_DATASET_.

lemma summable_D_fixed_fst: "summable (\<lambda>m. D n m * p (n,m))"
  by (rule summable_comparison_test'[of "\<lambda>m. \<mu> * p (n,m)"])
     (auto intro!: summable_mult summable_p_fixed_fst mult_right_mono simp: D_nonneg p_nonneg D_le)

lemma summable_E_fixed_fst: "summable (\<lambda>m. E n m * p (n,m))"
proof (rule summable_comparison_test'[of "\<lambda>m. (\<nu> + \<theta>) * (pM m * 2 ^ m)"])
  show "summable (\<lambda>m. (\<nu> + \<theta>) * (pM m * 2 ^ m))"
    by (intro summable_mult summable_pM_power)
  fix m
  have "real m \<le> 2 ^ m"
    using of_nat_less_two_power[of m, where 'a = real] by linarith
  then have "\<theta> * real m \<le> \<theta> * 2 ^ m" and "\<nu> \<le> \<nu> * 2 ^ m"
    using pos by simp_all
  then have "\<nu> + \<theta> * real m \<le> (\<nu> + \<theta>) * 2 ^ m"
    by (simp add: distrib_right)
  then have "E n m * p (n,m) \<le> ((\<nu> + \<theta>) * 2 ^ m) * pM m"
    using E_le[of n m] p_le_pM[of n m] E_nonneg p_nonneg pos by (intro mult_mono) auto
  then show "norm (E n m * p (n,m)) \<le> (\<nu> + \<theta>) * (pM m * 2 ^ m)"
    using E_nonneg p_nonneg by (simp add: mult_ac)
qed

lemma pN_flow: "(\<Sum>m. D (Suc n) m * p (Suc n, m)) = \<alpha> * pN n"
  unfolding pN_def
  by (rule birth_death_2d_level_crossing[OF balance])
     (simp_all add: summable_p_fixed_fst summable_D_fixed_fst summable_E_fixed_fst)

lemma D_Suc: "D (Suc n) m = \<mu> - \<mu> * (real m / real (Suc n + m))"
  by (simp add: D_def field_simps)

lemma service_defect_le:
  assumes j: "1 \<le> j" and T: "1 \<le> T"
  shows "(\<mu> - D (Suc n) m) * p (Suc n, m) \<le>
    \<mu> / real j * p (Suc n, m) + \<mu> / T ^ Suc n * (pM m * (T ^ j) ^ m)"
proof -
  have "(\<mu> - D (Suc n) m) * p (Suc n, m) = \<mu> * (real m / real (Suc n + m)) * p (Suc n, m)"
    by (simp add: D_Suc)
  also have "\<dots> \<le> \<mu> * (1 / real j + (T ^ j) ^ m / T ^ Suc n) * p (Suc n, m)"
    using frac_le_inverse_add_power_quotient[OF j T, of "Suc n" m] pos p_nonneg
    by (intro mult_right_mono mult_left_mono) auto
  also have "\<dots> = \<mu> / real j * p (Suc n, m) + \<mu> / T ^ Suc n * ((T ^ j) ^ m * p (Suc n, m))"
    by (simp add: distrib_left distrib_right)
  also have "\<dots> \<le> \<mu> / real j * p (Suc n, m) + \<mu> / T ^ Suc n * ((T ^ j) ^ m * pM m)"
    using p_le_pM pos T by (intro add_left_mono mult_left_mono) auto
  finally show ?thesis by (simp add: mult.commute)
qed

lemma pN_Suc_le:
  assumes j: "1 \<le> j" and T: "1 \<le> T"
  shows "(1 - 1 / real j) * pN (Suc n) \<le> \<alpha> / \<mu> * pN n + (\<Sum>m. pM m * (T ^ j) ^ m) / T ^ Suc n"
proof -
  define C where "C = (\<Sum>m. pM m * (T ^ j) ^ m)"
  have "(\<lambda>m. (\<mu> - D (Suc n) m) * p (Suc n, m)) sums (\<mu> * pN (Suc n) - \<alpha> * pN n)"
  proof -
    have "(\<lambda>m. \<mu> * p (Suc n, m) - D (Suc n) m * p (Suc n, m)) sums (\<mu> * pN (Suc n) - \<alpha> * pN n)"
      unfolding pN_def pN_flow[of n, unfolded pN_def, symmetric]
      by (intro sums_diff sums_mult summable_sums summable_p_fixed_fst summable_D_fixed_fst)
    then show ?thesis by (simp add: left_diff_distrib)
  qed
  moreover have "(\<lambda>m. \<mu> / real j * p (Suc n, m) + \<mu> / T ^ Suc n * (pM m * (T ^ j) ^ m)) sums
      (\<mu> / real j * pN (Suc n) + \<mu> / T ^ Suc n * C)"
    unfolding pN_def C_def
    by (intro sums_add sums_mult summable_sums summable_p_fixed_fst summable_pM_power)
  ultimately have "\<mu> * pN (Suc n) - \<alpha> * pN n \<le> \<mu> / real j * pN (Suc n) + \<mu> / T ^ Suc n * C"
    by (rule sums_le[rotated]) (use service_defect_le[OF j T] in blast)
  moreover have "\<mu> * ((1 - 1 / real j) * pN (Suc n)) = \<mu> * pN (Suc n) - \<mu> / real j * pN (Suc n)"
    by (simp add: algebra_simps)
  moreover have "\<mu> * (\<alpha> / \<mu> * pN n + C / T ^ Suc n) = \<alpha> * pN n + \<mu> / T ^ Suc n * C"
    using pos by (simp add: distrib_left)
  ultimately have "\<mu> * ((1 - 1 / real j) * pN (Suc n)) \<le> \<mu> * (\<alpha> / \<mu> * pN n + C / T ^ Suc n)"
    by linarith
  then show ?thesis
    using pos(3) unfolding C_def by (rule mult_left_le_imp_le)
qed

_ABOUT THIS TASK_. Only an exact retyping of the full data will do.

_EXERCISE RESPONSE_.
lemma summable_D_fixed_fst: "summable (\<lambda>m. D n m * p (n,m))"
  by (rule summable_comparison_test'[of "\<lambda>m. \<mu> * p (n,m)"])
     (auto intro!: summable_mult summable_p_fixed_fst mult_right_mono simp: D_nonneg p_nonneg D_le)

lemma summable_E_fixed_fst: "summable (\<lambda>m. E n m * p (n,m))"
proof (rule summable_comparison_test'[of "\<lambda>m. (\<nu> + \<theta>) * (pM m * 2 ^ m)"])
  show "summable (\<lambda>m. (\<nu> + \<theta>) * (pM m * 2 ^ m))"
    by (intro summable_mult summable_pM_power)
  fix m
  have "real m \<le> 2 ^ m"
    using of_nat_less_two_power[of m, where 'a = real] by linarith
  then have "\<theta> * real m \<le> \<theta> * 2 ^ m" and "\<nu> \<le> \<nu> * 2 ^ m"
    using pos by simp_all
  then have "\<nu> + \<theta> * real m \<le> (\<nu> + \<theta>) * 2 ^ m"
    by (simp add: distrib_right)
  then have "E n m * p (n,m) \<le> ((\<nu> + \<theta>) * 2 ^ m) * pM m"
    using E_le[of n m] p_le_pM[of n m] E_nonneg p_nonneg pos by (intro mult_mono) auto
  then show "norm (E n m * p (n,m)) \<le> (\<nu> + \<theta>) * (pM m * 2 ^ m)"
    using E_nonneg p_nonneg by (simp add: mult_ac)
qed

lemma pN_flow: "(\<Sum>m. D (Suc n) m * p (Suc n, m)) = \<alpha> * pN n"
  unfolding pN_def
  by (rule birth_death_2d_level_crossing[OF balance])
     (simp_all add: summable_p_fixed_fst summable_D_fixed_fst summable_E_fixed_fst)

lemma D_Suc: "D (Suc n) m = \<mu> - \<mu> * (real m / real (Suc n + m))"
  by (simp add: D_def field_simps)

lemma service_defect_le:
  assumes j: "1 \<le> j" and T: "1 \<le> T"
  shows "(\<mu> - D (Suc n) m) * p (Suc n, m) \<le>
    \<mu> / real j * p (Suc n, m) + \<mu> / T ^ Suc n * (pM m * (T ^ j) ^ m)"
proof -
  have "(\<mu> - D (Suc n) m) * p (Suc n, m) = \<mu> * (real m / real (Suc n + m)) * p (Suc n, m)"
    by (simp add: D_Suc)
  also have "\<dots> \<le> \<mu> * (1 / real j + (T ^ j) ^ m / T ^ Suc n) * p (Suc n, m)"
    using frac_le_inverse_add_power_quotient[OF j T, of "Suc n" m] pos p_nonneg
    by (intro mult_right_mono mult_left_mono) auto
  also have "\<dots> = \<mu> / real j * p (Suc n, m) + \<mu> / T ^ Suc n * ((T ^ j) ^ m * p (Suc n, m))"
    by (simp add: distrib_left distrib_right)
  also have "\<dots> \<le> \<mu> / real j * p (Suc n, m) + \<mu> / T ^ Suc n * ((T ^ j) ^ m * pM m)"
    using p_le_pM pos T by (intro add_left_mono mult_left_mono) auto
  finally show ?thesis by (simp add: mult.commute)
qed

lemma pN_Suc_le:
  assumes j: "1 \<le> j" and T: "1 \<le> T"
  shows "(1 - 1 / real j) * pN (Suc n) \<le> \<alpha> / \<mu> * pN n + (\<Sum>m. pM m * (T ^ j) ^ m) / T ^ Suc n"
proof -
  define C where "C = (\<Sum>m. pM m * (T ^ j) ^ m)"
  have "(\<lambda>m. (\<mu> - D (Suc n) m) * p (Suc n, m)) sums (\<mu> * pN (Suc n) - \<alpha> * pN n)"
  proof -
    have "(\<lambda>m. \<mu> * p (Suc n, m) - D (Suc n) m * p (Suc n, m)) sums (\<mu> * pN (Suc n) - \<alpha> * pN n)"
      unfolding pN_def pN_flow[of n, unfolded pN_def, symmetric]
      by (intro sums_diff sums_mult summable_sums summable_p_fixed_fst summable_D_fixed_fst)
    then show ?thesis by (simp add: left_diff_distrib)
  qed
  moreover have "(\<lambda>m. \<mu> / real j * p (Suc n, m) + \<mu> / T ^ Suc n * (pM m * (T ^ j) ^ m)) sums
      (\<mu> / real j * pN (Suc n) + \<mu> / T ^ Suc n * C)"
    unfolding pN_def C_def
    by (intro sums_add sums_mult summable_sums summable_p_fixed_fst summable_pM_power)
  ultimately have "\<mu> * pN (Suc n) - \<alpha> * pN n \<le> \<mu> / real j * pN (Suc n) + \<mu> / T ^ Suc n * C"
    by (rule sums_le[rotated]) (use service_defect_le[OF j T] in blast)
  moreover have "\<mu> * ((1 - 1 / real j) * pN (Suc n)) = \<mu> * pN (Suc n) - \<mu> / real j * pN (Suc n)"
    by (simp add: algebra_simps)
  moreover have "\<mu> * (\<alpha> / \<mu> * pN n + C / T ^ Suc n) = \<alpha> * pN n + \<mu> / T ^ Suc n * C"
    using pos by (simp add: distrib_left)
  ultimately have "\<mu> * ((1 - 1 / real j) * pN (Suc n)) \<le> \<mu> * (\<alpha> / \<mu> * pN n + C / T ^ Suc n)"
    by linarith
  then show ?thesis
    using pos(3) unfolding C_def by (rule mult_left_le_imp_le)
qed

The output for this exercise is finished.